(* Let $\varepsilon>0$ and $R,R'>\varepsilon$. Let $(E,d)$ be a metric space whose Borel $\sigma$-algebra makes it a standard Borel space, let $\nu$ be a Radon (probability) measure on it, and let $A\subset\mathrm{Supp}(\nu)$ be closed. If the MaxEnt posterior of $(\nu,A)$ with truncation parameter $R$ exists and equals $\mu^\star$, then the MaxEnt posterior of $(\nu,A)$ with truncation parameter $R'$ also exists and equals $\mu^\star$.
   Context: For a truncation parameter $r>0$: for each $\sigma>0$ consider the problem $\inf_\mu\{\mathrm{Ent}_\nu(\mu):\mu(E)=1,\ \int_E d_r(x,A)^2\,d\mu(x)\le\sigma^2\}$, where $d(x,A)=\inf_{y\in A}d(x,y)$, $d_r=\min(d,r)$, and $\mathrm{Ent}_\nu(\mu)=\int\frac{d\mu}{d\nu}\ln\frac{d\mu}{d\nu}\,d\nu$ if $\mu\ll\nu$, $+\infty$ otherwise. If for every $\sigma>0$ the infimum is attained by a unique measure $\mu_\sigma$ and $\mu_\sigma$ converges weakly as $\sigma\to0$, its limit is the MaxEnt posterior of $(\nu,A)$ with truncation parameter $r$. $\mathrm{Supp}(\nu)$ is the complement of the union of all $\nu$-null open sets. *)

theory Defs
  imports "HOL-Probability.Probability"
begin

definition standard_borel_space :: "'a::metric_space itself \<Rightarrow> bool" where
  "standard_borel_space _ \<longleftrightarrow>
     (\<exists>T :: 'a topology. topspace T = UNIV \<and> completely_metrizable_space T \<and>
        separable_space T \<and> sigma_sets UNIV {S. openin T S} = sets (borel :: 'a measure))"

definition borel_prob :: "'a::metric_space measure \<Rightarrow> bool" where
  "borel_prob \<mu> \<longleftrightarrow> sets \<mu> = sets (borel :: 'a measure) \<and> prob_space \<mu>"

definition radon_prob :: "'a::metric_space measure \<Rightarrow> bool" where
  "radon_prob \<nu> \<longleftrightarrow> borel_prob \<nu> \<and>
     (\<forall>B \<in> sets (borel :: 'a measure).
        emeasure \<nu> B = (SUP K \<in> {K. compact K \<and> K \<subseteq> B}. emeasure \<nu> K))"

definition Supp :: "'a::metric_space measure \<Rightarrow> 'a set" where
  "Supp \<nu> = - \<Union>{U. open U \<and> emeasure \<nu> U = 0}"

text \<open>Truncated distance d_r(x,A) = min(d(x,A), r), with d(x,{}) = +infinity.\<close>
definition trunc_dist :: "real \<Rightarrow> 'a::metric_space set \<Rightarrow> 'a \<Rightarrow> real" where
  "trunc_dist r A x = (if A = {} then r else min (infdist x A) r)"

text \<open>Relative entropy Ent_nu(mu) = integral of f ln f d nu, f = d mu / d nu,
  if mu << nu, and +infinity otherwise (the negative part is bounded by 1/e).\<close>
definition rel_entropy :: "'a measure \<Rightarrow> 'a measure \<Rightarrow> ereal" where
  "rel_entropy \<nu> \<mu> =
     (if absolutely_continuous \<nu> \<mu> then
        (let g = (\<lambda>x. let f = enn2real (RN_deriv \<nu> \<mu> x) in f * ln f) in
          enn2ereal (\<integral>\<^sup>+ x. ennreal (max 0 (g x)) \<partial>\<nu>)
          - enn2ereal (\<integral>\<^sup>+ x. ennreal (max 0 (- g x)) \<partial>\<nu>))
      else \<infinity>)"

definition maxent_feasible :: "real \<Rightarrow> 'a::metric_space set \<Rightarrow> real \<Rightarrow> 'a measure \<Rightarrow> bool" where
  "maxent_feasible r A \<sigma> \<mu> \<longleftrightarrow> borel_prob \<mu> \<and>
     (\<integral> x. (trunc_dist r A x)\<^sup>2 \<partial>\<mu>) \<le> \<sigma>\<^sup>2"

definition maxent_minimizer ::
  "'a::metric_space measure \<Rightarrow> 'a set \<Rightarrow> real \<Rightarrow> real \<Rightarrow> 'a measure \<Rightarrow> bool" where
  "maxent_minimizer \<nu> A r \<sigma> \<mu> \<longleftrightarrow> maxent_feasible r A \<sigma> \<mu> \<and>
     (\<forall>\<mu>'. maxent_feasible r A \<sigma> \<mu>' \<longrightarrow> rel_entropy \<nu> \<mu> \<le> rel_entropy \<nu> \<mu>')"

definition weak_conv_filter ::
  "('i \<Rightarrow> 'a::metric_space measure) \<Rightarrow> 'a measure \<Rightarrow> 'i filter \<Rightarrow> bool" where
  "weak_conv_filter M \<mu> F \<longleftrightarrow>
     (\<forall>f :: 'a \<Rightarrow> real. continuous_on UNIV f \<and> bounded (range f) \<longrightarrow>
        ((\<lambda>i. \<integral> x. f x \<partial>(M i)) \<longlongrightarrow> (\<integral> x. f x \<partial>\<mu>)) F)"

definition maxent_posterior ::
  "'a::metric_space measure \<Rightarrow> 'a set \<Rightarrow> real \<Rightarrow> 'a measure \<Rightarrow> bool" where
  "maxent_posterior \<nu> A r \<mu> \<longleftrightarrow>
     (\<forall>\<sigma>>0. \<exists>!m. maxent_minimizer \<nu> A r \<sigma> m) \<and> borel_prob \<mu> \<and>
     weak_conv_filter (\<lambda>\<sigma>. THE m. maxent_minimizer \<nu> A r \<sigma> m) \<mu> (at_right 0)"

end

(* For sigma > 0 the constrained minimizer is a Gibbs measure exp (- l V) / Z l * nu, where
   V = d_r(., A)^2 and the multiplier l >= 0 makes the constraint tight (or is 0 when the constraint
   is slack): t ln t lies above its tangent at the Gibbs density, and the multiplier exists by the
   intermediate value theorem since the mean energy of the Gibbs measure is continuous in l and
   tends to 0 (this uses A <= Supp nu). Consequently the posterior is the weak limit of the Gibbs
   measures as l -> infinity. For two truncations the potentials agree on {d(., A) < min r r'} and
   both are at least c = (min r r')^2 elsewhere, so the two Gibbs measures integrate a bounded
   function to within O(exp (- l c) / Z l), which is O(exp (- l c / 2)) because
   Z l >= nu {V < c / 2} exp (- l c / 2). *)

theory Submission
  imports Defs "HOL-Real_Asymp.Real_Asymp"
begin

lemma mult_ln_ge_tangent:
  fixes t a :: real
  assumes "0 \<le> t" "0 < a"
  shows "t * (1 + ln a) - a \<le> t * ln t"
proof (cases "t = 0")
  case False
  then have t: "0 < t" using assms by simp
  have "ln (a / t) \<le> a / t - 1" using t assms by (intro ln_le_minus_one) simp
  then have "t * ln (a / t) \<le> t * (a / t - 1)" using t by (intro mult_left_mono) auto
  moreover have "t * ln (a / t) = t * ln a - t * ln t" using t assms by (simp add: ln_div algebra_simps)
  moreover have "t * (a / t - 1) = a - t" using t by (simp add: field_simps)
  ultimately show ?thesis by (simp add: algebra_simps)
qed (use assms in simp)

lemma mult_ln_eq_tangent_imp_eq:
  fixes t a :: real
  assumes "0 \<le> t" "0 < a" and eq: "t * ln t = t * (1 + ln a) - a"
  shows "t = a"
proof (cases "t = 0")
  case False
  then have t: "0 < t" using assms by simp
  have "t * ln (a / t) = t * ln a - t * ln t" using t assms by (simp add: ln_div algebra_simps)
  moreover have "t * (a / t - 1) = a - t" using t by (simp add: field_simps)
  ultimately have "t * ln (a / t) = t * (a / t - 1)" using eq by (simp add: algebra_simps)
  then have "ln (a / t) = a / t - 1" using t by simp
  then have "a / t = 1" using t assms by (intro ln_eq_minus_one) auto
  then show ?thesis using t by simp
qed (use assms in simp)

* _Exercise details_
Within the material above, copy exactly the lines from the line that holds "measure) \<Rightarrow> 'a" up to and including the line that holds "(\<forall>f :: 'a".

* _Finished task_
  "('i \<Rightarrow> 'a::metric_space measure) \<Rightarrow> 'a measure \<Rightarrow> 'i filter \<Rightarrow> bool" where
  "weak_conv_filter M \<mu> F \<longleftrightarrow>
     (\<forall>f :: 'a \<Rightarrow> real. continuous_on UNIV f \<and> bounded (range f) \<longrightarrow>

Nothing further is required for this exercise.